→ EXERCISE PROMPT
Go to the line containing "(complex_of_real (2*pi))^2/2 - (complex_of_real" in the records below and print it and every following line exactly, on through the line containing "(\<Sum>n=1..R. u n", then stop.

→ RECORDS PROVIDED
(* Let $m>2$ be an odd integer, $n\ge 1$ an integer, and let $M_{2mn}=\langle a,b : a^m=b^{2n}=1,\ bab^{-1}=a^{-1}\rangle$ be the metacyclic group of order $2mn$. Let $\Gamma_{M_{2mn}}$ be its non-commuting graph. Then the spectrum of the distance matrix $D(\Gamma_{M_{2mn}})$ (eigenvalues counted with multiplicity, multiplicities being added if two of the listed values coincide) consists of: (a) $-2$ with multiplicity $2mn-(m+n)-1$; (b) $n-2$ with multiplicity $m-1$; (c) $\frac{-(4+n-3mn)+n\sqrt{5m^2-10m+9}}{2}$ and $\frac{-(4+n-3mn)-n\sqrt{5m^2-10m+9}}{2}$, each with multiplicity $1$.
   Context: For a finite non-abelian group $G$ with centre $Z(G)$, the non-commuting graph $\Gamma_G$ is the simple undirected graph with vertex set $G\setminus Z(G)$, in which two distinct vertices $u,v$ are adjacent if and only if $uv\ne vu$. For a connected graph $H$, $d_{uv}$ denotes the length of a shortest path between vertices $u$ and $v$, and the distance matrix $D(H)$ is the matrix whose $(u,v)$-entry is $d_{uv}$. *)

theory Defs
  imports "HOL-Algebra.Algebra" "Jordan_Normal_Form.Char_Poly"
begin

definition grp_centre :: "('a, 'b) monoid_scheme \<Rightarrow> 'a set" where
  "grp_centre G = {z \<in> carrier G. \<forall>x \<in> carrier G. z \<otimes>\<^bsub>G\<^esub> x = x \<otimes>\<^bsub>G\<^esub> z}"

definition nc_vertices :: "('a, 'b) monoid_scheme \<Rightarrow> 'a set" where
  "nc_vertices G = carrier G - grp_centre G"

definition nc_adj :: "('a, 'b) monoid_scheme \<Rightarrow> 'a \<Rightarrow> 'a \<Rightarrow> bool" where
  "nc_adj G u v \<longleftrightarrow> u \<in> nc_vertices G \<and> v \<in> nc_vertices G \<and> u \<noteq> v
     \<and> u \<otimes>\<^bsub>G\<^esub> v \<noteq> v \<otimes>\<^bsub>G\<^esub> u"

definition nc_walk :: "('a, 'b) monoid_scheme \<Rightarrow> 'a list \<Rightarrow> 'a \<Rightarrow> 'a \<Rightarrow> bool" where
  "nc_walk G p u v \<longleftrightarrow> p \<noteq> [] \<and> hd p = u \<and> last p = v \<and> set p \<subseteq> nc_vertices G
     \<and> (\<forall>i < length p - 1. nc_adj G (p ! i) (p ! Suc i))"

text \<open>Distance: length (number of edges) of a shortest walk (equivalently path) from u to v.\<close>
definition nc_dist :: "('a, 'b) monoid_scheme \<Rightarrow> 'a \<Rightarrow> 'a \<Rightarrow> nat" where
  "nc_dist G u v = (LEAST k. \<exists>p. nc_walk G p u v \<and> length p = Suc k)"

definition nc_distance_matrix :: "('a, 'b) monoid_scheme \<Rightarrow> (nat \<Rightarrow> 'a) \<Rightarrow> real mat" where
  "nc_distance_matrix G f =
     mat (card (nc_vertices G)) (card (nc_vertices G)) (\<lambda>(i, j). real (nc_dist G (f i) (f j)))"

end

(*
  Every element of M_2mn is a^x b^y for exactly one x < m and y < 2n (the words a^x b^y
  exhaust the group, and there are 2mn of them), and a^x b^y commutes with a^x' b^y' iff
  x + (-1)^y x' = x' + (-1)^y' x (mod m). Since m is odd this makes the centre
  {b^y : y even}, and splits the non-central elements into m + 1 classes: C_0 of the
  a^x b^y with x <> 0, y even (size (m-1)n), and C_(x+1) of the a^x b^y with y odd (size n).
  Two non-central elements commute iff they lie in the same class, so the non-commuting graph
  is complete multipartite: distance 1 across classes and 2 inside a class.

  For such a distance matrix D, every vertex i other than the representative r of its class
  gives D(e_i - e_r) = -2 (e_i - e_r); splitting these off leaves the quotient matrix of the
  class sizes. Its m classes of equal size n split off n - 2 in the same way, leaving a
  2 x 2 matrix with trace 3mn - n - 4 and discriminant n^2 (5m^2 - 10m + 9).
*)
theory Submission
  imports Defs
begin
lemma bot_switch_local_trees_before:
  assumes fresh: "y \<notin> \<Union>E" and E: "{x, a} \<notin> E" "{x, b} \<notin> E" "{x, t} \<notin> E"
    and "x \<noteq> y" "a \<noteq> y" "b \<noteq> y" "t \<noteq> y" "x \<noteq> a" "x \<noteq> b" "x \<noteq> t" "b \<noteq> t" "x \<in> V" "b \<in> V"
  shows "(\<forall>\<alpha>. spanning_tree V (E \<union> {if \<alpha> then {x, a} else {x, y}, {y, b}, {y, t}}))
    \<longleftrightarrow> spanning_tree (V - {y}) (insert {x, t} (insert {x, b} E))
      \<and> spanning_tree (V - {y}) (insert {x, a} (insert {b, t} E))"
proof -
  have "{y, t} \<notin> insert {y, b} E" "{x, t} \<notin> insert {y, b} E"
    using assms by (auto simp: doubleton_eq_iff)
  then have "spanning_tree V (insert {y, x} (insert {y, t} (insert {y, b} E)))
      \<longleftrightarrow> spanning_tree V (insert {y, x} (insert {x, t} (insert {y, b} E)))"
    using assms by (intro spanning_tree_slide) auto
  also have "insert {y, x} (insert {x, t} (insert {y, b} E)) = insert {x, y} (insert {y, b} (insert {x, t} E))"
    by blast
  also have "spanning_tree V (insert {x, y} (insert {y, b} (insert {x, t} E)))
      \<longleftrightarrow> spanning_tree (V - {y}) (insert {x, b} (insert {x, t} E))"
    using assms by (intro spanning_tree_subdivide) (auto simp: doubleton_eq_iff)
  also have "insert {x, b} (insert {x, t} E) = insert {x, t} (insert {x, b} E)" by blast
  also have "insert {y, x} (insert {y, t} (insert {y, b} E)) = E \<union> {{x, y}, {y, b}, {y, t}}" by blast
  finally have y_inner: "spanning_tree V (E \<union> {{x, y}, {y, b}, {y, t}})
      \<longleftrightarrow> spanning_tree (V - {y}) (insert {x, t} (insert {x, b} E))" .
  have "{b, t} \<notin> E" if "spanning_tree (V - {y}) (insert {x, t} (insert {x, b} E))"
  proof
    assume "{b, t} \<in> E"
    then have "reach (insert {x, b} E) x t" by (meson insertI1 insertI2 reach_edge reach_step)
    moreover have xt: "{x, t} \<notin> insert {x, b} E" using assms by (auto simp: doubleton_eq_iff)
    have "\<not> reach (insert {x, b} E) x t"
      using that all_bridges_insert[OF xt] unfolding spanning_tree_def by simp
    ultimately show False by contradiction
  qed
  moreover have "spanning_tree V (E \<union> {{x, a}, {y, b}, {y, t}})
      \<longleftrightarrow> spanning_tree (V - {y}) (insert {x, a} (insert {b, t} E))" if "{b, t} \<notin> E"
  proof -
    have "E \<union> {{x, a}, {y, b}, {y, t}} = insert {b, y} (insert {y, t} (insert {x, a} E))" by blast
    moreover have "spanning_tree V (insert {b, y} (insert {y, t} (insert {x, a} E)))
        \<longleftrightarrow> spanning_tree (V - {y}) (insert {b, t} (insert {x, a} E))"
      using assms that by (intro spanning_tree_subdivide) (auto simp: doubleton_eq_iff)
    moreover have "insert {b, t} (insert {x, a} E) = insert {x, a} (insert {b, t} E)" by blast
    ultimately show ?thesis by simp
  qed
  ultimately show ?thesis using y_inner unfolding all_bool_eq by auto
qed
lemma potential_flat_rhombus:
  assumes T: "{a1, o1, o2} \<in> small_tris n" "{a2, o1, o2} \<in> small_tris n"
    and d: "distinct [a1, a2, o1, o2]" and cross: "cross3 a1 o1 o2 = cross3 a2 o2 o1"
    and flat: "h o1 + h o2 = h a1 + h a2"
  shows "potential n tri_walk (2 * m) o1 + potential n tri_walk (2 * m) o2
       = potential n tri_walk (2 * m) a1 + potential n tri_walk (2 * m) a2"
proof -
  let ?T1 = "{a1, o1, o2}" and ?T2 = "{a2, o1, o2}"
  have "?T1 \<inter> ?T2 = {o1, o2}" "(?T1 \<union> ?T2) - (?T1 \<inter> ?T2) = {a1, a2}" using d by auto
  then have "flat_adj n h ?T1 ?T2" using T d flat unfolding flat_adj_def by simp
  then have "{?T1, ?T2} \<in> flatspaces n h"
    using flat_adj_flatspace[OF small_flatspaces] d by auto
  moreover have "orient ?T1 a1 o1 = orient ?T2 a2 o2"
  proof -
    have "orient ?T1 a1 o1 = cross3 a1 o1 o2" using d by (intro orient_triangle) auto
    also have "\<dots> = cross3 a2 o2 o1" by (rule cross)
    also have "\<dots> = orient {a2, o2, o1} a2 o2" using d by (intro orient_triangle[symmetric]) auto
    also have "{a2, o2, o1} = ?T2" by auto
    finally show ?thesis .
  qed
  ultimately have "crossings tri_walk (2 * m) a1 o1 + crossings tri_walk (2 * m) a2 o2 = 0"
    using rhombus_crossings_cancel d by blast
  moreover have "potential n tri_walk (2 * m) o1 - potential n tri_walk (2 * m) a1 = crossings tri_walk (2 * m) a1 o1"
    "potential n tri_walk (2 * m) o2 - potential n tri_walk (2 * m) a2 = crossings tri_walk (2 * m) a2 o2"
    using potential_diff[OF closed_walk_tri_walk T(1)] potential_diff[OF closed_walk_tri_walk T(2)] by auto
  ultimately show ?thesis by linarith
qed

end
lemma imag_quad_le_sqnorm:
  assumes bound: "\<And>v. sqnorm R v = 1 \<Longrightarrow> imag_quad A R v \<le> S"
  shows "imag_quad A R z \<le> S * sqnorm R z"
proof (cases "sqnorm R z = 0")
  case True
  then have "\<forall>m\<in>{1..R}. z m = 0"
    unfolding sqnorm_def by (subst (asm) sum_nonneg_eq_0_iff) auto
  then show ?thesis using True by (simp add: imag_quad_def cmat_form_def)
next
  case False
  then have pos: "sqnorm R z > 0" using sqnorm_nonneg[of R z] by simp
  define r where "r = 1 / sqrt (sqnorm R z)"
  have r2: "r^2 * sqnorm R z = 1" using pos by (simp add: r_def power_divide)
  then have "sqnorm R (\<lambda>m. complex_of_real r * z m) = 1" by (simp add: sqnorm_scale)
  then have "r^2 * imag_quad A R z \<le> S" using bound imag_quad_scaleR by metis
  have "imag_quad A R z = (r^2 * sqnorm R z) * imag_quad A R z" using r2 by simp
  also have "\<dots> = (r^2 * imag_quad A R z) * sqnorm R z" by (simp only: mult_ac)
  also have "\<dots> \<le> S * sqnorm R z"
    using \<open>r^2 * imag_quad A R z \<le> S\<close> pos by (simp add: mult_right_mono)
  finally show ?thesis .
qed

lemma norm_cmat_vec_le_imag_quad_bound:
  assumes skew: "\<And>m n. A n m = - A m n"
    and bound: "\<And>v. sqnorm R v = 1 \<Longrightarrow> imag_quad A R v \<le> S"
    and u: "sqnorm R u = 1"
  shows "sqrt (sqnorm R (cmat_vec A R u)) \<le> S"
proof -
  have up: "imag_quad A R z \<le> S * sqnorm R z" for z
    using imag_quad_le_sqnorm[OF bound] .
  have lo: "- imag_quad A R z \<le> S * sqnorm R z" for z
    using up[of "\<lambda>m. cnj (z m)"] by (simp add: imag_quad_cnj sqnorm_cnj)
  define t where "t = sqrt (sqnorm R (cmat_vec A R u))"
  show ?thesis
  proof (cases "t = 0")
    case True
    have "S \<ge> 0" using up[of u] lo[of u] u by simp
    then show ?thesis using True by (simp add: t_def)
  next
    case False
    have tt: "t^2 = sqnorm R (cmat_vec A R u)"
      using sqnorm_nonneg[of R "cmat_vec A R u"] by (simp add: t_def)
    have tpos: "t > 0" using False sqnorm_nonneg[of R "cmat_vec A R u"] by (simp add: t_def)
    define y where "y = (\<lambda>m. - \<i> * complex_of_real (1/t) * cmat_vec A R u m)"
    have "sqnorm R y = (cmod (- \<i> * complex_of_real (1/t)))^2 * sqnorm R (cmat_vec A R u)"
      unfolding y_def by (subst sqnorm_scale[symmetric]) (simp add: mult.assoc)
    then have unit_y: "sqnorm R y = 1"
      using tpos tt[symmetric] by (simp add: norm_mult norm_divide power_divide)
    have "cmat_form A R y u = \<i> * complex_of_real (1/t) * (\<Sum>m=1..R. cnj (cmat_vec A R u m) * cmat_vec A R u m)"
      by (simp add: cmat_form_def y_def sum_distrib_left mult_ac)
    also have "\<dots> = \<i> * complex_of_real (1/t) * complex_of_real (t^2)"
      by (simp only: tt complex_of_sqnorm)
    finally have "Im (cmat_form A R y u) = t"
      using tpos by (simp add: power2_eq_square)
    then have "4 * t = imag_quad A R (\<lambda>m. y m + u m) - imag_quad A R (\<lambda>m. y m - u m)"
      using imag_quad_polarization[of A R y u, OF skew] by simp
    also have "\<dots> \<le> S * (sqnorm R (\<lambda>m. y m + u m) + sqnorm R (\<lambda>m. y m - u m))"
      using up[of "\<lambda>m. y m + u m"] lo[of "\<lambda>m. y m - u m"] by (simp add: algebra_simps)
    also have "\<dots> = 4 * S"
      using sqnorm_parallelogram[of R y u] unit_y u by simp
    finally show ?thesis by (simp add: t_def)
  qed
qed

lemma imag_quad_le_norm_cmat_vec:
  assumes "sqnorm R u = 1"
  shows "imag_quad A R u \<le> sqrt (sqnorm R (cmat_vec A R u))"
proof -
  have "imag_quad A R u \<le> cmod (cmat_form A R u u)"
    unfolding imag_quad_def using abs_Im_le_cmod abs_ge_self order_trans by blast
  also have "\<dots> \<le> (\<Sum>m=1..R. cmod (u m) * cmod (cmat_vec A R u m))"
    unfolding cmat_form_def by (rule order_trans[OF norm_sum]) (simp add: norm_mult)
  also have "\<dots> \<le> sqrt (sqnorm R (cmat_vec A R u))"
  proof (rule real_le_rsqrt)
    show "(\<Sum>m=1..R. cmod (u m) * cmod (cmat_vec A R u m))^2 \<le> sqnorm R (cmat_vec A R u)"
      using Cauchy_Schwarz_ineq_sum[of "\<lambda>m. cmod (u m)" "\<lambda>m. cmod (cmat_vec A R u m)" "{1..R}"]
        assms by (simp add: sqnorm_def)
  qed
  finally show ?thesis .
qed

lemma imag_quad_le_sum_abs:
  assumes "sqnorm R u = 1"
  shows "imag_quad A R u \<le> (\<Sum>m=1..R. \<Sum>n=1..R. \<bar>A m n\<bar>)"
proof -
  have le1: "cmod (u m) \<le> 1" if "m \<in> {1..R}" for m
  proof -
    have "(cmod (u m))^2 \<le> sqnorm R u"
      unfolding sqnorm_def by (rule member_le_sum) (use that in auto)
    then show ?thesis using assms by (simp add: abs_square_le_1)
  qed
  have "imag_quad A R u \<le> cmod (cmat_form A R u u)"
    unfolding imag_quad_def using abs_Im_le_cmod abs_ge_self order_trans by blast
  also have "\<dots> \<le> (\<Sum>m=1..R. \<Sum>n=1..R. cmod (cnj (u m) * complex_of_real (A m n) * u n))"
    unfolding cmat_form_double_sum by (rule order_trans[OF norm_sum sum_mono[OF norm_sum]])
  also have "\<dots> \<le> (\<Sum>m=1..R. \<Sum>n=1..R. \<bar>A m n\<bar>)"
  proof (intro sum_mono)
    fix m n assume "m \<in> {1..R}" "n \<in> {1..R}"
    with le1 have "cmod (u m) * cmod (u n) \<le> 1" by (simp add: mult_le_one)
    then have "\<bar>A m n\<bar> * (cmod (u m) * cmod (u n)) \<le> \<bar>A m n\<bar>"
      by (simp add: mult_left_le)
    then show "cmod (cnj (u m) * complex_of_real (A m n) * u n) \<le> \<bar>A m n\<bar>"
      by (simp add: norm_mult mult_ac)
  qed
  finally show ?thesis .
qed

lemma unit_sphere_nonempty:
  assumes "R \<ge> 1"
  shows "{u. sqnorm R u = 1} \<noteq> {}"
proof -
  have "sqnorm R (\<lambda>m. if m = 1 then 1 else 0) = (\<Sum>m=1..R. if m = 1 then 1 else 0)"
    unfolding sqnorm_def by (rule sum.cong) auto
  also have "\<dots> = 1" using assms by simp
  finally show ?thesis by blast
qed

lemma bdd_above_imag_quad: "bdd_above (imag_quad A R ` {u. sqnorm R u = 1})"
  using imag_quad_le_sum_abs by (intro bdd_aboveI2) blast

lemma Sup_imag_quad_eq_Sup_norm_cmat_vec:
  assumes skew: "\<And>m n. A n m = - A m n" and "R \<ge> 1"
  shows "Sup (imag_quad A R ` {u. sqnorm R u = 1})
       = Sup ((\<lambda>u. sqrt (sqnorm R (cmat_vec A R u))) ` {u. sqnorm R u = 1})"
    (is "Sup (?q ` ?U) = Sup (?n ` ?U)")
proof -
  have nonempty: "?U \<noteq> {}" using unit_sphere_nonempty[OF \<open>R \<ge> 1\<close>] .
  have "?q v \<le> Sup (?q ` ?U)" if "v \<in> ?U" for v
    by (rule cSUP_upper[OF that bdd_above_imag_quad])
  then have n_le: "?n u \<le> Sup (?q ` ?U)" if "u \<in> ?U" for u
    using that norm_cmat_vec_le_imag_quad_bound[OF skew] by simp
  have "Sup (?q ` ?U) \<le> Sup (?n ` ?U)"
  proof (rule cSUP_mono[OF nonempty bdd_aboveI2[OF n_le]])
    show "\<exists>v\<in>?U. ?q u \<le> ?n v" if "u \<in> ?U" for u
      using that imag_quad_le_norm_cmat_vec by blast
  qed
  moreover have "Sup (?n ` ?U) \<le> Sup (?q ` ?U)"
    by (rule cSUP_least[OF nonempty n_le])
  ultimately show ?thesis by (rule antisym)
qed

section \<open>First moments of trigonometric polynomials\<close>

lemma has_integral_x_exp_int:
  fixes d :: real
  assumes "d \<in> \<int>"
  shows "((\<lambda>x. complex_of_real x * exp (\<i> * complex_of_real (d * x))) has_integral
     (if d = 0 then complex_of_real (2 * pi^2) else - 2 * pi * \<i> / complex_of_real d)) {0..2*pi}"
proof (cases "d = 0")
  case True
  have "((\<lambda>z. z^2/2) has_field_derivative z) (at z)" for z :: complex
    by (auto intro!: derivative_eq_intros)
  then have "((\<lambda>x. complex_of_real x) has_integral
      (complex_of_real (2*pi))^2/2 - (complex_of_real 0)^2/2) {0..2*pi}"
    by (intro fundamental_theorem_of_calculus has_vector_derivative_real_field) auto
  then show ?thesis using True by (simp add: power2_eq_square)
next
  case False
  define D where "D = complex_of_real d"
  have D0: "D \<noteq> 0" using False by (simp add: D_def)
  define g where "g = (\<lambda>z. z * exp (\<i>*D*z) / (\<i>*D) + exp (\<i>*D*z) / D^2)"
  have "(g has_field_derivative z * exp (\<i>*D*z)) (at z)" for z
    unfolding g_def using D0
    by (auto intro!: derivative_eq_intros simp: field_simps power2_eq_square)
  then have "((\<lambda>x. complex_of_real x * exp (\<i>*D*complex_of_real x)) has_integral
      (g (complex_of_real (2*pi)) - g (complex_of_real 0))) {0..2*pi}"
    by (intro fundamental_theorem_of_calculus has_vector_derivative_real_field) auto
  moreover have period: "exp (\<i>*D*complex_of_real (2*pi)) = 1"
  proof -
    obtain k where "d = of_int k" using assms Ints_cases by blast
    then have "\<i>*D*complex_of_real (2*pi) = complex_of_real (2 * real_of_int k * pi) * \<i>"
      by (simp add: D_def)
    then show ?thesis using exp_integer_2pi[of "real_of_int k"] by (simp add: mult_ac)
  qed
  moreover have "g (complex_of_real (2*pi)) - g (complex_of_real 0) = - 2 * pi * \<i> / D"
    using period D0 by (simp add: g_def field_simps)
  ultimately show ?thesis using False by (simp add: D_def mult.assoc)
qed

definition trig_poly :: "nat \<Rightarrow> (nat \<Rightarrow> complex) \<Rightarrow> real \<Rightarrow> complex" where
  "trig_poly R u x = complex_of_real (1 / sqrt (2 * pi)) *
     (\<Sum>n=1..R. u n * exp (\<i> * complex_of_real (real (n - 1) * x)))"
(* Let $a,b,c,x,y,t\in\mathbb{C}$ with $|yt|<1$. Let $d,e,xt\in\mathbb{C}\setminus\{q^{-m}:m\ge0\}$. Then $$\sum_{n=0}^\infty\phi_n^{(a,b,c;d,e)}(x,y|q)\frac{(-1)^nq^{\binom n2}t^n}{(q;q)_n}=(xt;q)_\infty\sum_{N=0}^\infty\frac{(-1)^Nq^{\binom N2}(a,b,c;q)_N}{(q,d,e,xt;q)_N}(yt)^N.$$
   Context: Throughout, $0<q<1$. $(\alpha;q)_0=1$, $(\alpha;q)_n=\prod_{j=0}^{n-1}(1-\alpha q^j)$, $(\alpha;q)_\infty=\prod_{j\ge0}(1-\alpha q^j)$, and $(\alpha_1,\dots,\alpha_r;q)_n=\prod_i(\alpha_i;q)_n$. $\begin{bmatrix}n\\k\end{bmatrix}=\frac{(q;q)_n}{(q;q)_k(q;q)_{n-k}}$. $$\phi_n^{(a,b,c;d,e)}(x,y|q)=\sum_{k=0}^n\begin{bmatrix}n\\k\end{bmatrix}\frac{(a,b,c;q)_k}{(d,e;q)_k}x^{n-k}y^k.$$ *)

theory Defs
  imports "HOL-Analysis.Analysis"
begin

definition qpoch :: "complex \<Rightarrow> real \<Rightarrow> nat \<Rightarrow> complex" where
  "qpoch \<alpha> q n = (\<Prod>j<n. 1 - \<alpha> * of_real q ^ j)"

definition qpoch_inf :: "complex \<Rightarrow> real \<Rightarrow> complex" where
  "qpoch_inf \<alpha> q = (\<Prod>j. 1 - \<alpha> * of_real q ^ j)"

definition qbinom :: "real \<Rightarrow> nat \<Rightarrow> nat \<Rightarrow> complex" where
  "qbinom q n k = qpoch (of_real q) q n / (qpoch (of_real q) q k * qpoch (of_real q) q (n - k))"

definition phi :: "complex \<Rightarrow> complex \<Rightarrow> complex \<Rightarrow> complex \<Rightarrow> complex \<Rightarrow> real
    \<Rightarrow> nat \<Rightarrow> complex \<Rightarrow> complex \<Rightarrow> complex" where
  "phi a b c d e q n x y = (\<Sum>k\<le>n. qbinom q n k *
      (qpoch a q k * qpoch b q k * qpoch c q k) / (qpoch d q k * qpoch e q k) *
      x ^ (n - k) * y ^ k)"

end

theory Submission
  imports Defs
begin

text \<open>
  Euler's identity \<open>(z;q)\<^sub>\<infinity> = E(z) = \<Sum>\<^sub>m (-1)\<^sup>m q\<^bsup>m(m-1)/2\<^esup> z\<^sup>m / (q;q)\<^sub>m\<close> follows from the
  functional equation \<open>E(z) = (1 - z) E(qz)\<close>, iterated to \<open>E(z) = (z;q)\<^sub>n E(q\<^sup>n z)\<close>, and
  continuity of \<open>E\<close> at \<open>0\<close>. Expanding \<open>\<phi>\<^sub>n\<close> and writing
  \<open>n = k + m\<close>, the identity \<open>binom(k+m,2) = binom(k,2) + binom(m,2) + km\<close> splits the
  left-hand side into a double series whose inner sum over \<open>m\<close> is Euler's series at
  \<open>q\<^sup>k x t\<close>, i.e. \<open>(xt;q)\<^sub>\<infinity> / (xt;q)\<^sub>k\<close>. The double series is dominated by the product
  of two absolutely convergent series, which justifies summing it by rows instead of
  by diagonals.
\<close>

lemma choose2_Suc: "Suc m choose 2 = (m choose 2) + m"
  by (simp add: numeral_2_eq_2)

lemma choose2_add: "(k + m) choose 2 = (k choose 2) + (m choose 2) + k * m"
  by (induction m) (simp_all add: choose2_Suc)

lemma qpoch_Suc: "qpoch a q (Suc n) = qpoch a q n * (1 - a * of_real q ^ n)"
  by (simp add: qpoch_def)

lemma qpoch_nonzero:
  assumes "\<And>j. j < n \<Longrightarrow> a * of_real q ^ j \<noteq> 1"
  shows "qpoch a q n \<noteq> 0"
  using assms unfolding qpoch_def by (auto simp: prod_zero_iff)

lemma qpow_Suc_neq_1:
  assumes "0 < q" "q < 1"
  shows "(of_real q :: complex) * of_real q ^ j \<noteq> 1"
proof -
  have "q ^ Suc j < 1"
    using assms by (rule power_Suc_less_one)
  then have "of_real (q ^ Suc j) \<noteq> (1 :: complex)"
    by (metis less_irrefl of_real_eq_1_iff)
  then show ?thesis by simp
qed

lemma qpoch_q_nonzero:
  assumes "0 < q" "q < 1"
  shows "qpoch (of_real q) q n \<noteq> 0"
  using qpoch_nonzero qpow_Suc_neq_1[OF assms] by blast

→ ANSWER TO THE EXERCISE
      (complex_of_real (2*pi))^2/2 - (complex_of_real 0)^2/2) {0..2*pi}"
    by (intro fundamental_theorem_of_calculus has_vector_derivative_real_field) auto
  then show ?thesis using True by (simp add: power2_eq_square)
next
  case False
  define D where "D = complex_of_real d"
  have D0: "D \<noteq> 0" using False by (simp add: D_def)
  define g where "g = (\<lambda>z. z * exp (\<i>*D*z) / (\<i>*D) + exp (\<i>*D*z) / D^2)"
  have "(g has_field_derivative z * exp (\<i>*D*z)) (at z)" for z
    unfolding g_def using D0
    by (auto intro!: derivative_eq_intros simp: field_simps power2_eq_square)
  then have "((\<lambda>x. complex_of_real x * exp (\<i>*D*complex_of_real x)) has_integral
      (g (complex_of_real (2*pi)) - g (complex_of_real 0))) {0..2*pi}"
    by (intro fundamental_theorem_of_calculus has_vector_derivative_real_field) auto
  moreover have period: "exp (\<i>*D*complex_of_real (2*pi)) = 1"
  proof -
    obtain k where "d = of_int k" using assms Ints_cases by blast
    then have "\<i>*D*complex_of_real (2*pi) = complex_of_real (2 * real_of_int k * pi) * \<i>"
      by (simp add: D_def)
    then show ?thesis using exp_integer_2pi[of "real_of_int k"] by (simp add: mult_ac)
  qed
  moreover have "g (complex_of_real (2*pi)) - g (complex_of_real 0) = - 2 * pi * \<i> / D"
    using period D0 by (simp add: g_def field_simps)
  ultimately show ?thesis using False by (simp add: D_def mult.assoc)
qed

definition trig_poly :: "nat \<Rightarrow> (nat \<Rightarrow> complex) \<Rightarrow> real \<Rightarrow> complex" where
  "trig_poly R u x = complex_of_real (1 / sqrt (2 * pi)) *
     (\<Sum>n=1..R. u n * exp (\<i> * complex_of_real (real (n - 1) * x)))"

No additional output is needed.